- Culture
- 04 Apr 05
Mickybo And Me is a sensitive but unsentimental examination of two boys' cross-denominational friendship. Actor and screenwriter Adrian Dunbar sings its praises.
Mickybo And Me is a very amiable flick about a cross-community boyhood friendship set in Belfast, 1970. Based on Owen McCaffety’s play Mojo Mickybo, director Terry Loane’s surprisingly delightful film is both child-centric yet very adult in theme, as two boys – one a ginger moppet from an expansive Catholic household (Niall Wright), the other a neat Protestant only child (John Joe McNeill) – bond over Butch Cassidy And The Sundance Kid and run away to Australia, or at least over the border.
Armed with the clout of Working Title productions and Stephen Daldry (Billy Elliot) as executive-producer, the filmmakers and adult cast have high hopes. “It’s just a lovely little film,” exclaimed Adrian Dunbar at the Dublin International Film Festival recently. “I mean, as an actor you never really know how a script is going to turn out, but Mickybo is a really good film.”
You can tell he means it, and rightly so. Mickybo And Me is certainly more accomplished and less twee than the subject matter might give cause to believe. Besides, Mr. Dunbar ought to be a decent judge. A theatrically trained actor and the veteran of such movies as The Crying Game, How Harry Became A Tree and The General, he’s also a screenwriter of some note, having co-written the award winning screenplay of Hear My Song.
Currently, the Enniskillen born thespian is putting together a long cherished project – a biopic of James Connolly set to star Peter Mullan – an inspired piece of casting if ever there was one. “It’s something that really troubles me,” explains Adrian. “And it troubles Peter as well. That this entire pivotal period in our history is just being bulldozed. Literally, when you look at some of the sites that are being developed around Dublin. And I think Connolly is so relevant for today. He was an incredible thinker with an incredible life. He was hailed in Paris and all over Europe as a brilliant socialist and feminist thinker.”
So I take it he’s not in agreement with the current reductive historical trends about 1916 being merely a trickle in the watershed?
“I know,” he sighs. “To think about 1916 in those terms is ridiculous.
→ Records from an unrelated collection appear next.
lemma Vitali_covering_by_slopes:
  fixes h :: "real \<Rightarrow> real"
  assumes "open U" "E \<subseteq> U" "\<And>x. x \<in> E \<Longrightarrow> frequently (\<lambda>y. P (slope h x y)) (at x)"
  obtains C where "countable C"
    "\<And>i. i \<in> C \<Longrightarrow> fst i < snd i \<and> {fst i..snd i} \<subseteq> U \<and> P (slope h (fst i) (snd i))"
    "pairwise (\<lambda>i j. disjnt {fst i..snd i} {fst j..snd j}) C"
    "negligible (E - (\<Union>i\<in>C. {fst i<..<snd i}))"
proof (rule Vitali_covering_intervals)
  fix x d :: real
  assume "x \<in> E" "0 < d"
  then obtain e where "0 < e" "ball x e \<subseteq> U"
    using assms(1,2) open_contains_ball by blast
  have "eventually (\<lambda>y. y \<noteq> x \<and> dist y x < min d e) (at x)"
    unfolding eventually_at using \<open>0 < d\<close> \<open>0 < e\<close> by (intro exI[of _ "min d e"]) auto
  then obtain y where y: "P (slope h x y)" "y \<noteq> x" "dist y x < min d e"
    using frequently_ex[OF frequently_eventually_frequently[OF assms(3)[OF \<open>x \<in> E\<close>]]] by blast
  have "{min x y..max x y} \<subseteq> ball x e"
    using y(3) by (auto simp: dist_real_def)
  moreover have "P (slope h (min x y) (max x y))"
    using y(1) slope_commute[of h x y] by (cases "x \<le> y") (auto simp: min_def max_def)
  ultimately show "\<exists>u v. u < v \<and> v - u < d \<and> x \<in> {u..v} \<and> {u..v} \<subseteq> U \<and> P (slope h u v)"
    using y(2,3) \<open>ball x e \<subseteq> U\<close>
    by (intro exI[of _ "min x y"] exI[of _ "max x y"]) (auto simp: dist_real_def)
qed (use that in blast)+

lemma measure_Union_image_intervals_if_mono_on:
  fixes h :: "real \<Rightarrow> real"
  assumes "mono_on W h" "finite C" "\<And>i. i \<in> C \<Longrightarrow> fst i \<le> snd i \<and> {fst i..snd i} \<subseteq> W"
    and "pairwise (\<lambda>i j. disjnt {fst i..snd i} {fst j..snd j}) C"
  shows "measure lebesgue (\<Union>i\<in>C. {h (fst i)..h (snd i)}) = (\<Sum>i\<in>C. h (snd i) - h (fst i))"
proof -
  have in_W: "fst i \<in> W" "snd i \<in> W" if "i \<in> C" for i
    using assms(3)[OF that] by auto
  have "negligible ({h (fst i)..h (snd i)} \<inter> {h (fst j)..h (snd j)})"
    if "i \<in> C" "j \<in> C" "i \<noteq> j" for i j
  proof -
    have "snd i < fst j \<or> snd j < fst i"
      using assms(3,4) that by (force simp: pairwise_def disjnt_def)
    then have "h (snd i) \<le> h (fst j) \<or> h (snd j) \<le> h (fst i)"
      using in_W that(1,2) by (metis less_imp_le mono_onD[OF assms(1)])
    then have "{h (fst i)..h (snd i)} \<inter> {h (fst j)..h (snd j)} \<subseteq> {h (snd i), h (snd j)}"
      by auto
    then show ?thesis
      by (rule negligible_subset[rotated]) simp
  qed
  moreover have "h (fst i) \<le> h (snd i)" if "i \<in> C" for i
    using assms(3)[OF that] in_W[OF that] by (auto intro!: mono_onD[OF assms(1)])
  ultimately show ?thesis
    using assms(2) by (simp add: measure_negligible_finite_Union_image pairwise_def)
qed
(* Let $\mathcal T$ be a set of at least two binary trees over $L$, let $\mathcal F=\{C_1,\dots,C_k\}$ be an acyclic agreement forest for $\mathcal T$ indexed so that $(C_1,\dots,C_k)$ is a topological ordering of $G(\mathcal T,\mathcal F)$, and let $\sigma$ be a leaf ordering such that for all $i<j$, every $l\in L(C_i)\setminus\{\rho\}$ satisfies $\sigma(l)<\sigma(l')$ for every $l'\in L(C_j)\setminus\{\rho\}$. Fix $i$ with $L(C_i)\setminus\{\rho\}\ne\emptyset$, let $l_s$ be the $\sigma$-first leaf of $L(C_i)\setminus\{\rho\}$, and let $l_j\in L(C_i)$ with $j\ge s$. Then for every $T\in\mathcal T$ there is a vertex $x$ of $T^j$ such that the subtree $(T^j)_x$ is (label-preservingly) isomorphic to $C_i|_{\{l_s,\dots,l_j\}\cap L(C_i)}$, and the vertices of these subtrees are indexed identically across $\mathcal T$: if $T,T'\in\mathcal T$ with corresponding vertices $x,x'$, and $v\in V((T^j)_x)$, $v'\in V((T'^j)_{x'})$ satisfy $L((T^j)_v)=L((T'^j)_{v'})$, then $\sigma(v)=\sigma(v')$ (indices computed in $T^j$ and $T'^j$ respectively).
   Context: Trees. Fix a finite label set $L$ containing a distinguished label $\rho$, and let $n=|L\setminus\{\rho\}|$. A (planted, binary phylogenetic) tree $T$ over $L$ is a rooted tree whose top vertex is labeled $\rho$ and has exactly one child $r(T)$ (the root), in which every other non-leaf vertex has exactly two children, and whose leaves are bijectively labeled by $L\setminus\{\rho\}$; vertices are identified with their labels. For a vertex $v$, $T_v$ is the subtree rooted at $v$ and $cl(v)=L(T_v)$ is its cluster ($L(\cdot)$ denotes the set of labels of a tree). For $S\subseteq L$, $T(S)$ is the smallest subtree of $T$ containing all vertices labeled by $S$, and $T|_S$ is obtained from $T(S)$ by suppressing all unlabeled vertices with fewer than two children. OLA indexing. A leaf ordering is a bijection $\sigma:L\setminus\{\rho\}\to\{0,\dots,n-1\}$; write $l_i=\sigma^{-1}(i)$. For a binary tree $T$ whose non-$\rho$ labels lie in $L\setminus\{\rho\}$ and a vertex $v\ne\rho$, let $\mu(v)=\min\{\sigma(l): l\in L(T_v)\setminus\{\rho\}\}$; each leaf $l$ gets index $\sigma(l)$, and each internal vertex $v$ (not a leaf, not $\rho$) with children $v_1,v_2$ gets index $\sigma(v):=-\max\{\mu(v_1),\mu(v_2)\}$. Let $T^i:=T|_{\{\rho,l_0,\dots,l_i\}}$. Agreement forests. A forest $\mathcal F=\{C_1,\dots,C_k\}$ of trees with pairwise disjoint label sets agrees with a tree $T$ over $L$ if (i) for each $C_i$, $T|_{L(C_i)}$ is isomorphic to $C_i$ (label-preserving); (ii) the subtrees $T(L(C_i))$ are pairwise vertex-disjoint; (iii) $\bigcup_i L(C_i)=L$. $\mathcal F$ is an agreement forest for a set $\mathcal T$ of trees if it agrees with every $T\in\mathcal T$. The inheritance graph $G(\mathcal T,\mathcal F)$ is the directed graph on vertex set $\mathcal F$ with an edge $(C_i,C_j)$, $i\neq j$, iff some $T\in\mathcal T$ contains a directed (root-to-leaf direction) path from the root of $T(L(C_i))$ to the root of $T(L(C_j))$. $\mathcal F$ is an acyclic agreement forest (AAF) if additionally $G(\mathcal T,\mathcal F)$ has no directed cycle. *)

theory Defs
  imports Main
begin

text \<open>
  A rooted tree in which every non-leaf vertex other than the
  top vertex rho has two children (and rho has one child) is, up to label-preserving
  isomorphism, determined by the family of its clusters, and distinct vertices have distinct
  clusters.  We therefore represent such a tree by its set of clusters
  (a set of label sets): the vertex v is represented by cl(v) = L(T_v).
  The top vertex rho has cluster L, the root r(T) has cluster L - {rho}, a leaf l has
  cluster {l}.  u is an ancestor of w (there is a directed root-to-leaf path from u to w)
  iff cl(w) is a subset of cl(u).  Label-preserving isomorphism of such trees is equality
  of cluster families.
\<close>

type_synonym 'a ctree = "'a set set"

definition labels :: "'a ctree \<Rightarrow> 'a set" where
  "labels T = \<Union> T"

definition is_tree :: "'a set \<Rightarrow> 'a \<Rightarrow> 'a ctree \<Rightarrow> bool" where
  "is_tree L \<rho> T \<longleftrightarrow>
     finite L \<and> \<rho> \<in> L \<and> L - {\<rho>} \<noteq> {} \<and>
     (\<forall>c\<in>T. c \<subseteq> L \<and> c \<noteq> {}) \<and>
     L \<in> T \<and> L - {\<rho>} \<in> T \<and>
     (\<forall>c\<in>T. c \<noteq> L \<longrightarrow> \<rho> \<notin> c) \<and>
     (\<forall>l\<in>L - {\<rho>}. {l} \<in> T) \<and>
     (\<forall>c\<in>T. \<forall>d\<in>T. c \<subseteq> d \<or> d \<subseteq> c \<or> c \<inter> d = {}) \<and>
     (\<forall>c\<in>T. c \<noteq> L \<and> card c \<ge> 2 \<longrightarrow>
        (\<exists>c1\<in>T. \<exists>c2\<in>T. c1 \<noteq> {} \<and> c2 \<noteq> {} \<and> c1 \<inter> c2 = {} \<and> c1 \<union> c2 = c))"

text \<open>The restriction T|_S (obtained from T(S) by suppressing unlabelled vertices with
  fewer than two children).\<close>
definition restrict :: "'a ctree \<Rightarrow> 'a set \<Rightarrow> 'a ctree" where
  "restrict T S = {c \<inter> S | c. c \<in> T \<and> c \<inter> S \<noteq> {}}"

definition subtree :: "'a ctree \<Rightarrow> 'a set \<Rightarrow> 'a ctree" where
  "subtree T v = {c \<in> T. c \<subseteq> v}"

definition span_root :: "'a ctree \<Rightarrow> 'a set \<Rightarrow> 'a set" where
  "span_root T S = (THE c. c \<in> T \<and> S \<subseteq> c \<and> (\<forall>d\<in>T. S \<subseteq> d \<longrightarrow> c \<subseteq> d))"

text \<open>Vertex set of T(S), the smallest subtree containing all vertices labelled by S.\<close>
definition span_vertices :: "'a ctree \<Rightarrow> 'a set \<Rightarrow> 'a set set" where
  "span_vertices T S = {c \<in> T. c \<subseteq> span_root T S \<and> c \<inter> S \<noteq> {}}"

definition agrees :: "'a set \<Rightarrow> 'a ctree set \<Rightarrow> 'a ctree \<Rightarrow> bool" where
  "agrees L F T \<longleftrightarrow>
     (\<forall>C\<in>F. C \<noteq> {}) \<and>
     (\<forall>C\<in>F. \<forall>D\<in>F. C \<noteq> D \<longrightarrow> labels C \<inter> labels D = {}) \<and>
     (\<forall>C\<in>F. restrict T (labels C) = C) \<and>
     (\<forall>C\<in>F. \<forall>D\<in>F. C \<noteq> D \<longrightarrow> span_vertices T (labels C) \<inter> span_vertices T (labels D) = {}) \<and>
     \<Union> (labels ` F) = L"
It was a people’s revolt. They took to the streets and it provided a catalyst for events throughout Europe. That gets overlooked because Republicanism is like a dirty word. It’s just amazing that there’s so little record of that period in Irish cinema. That’s why bringing James Connolly to the screen is so important to me.”
Around this parish, we can hardly wait for the finished results.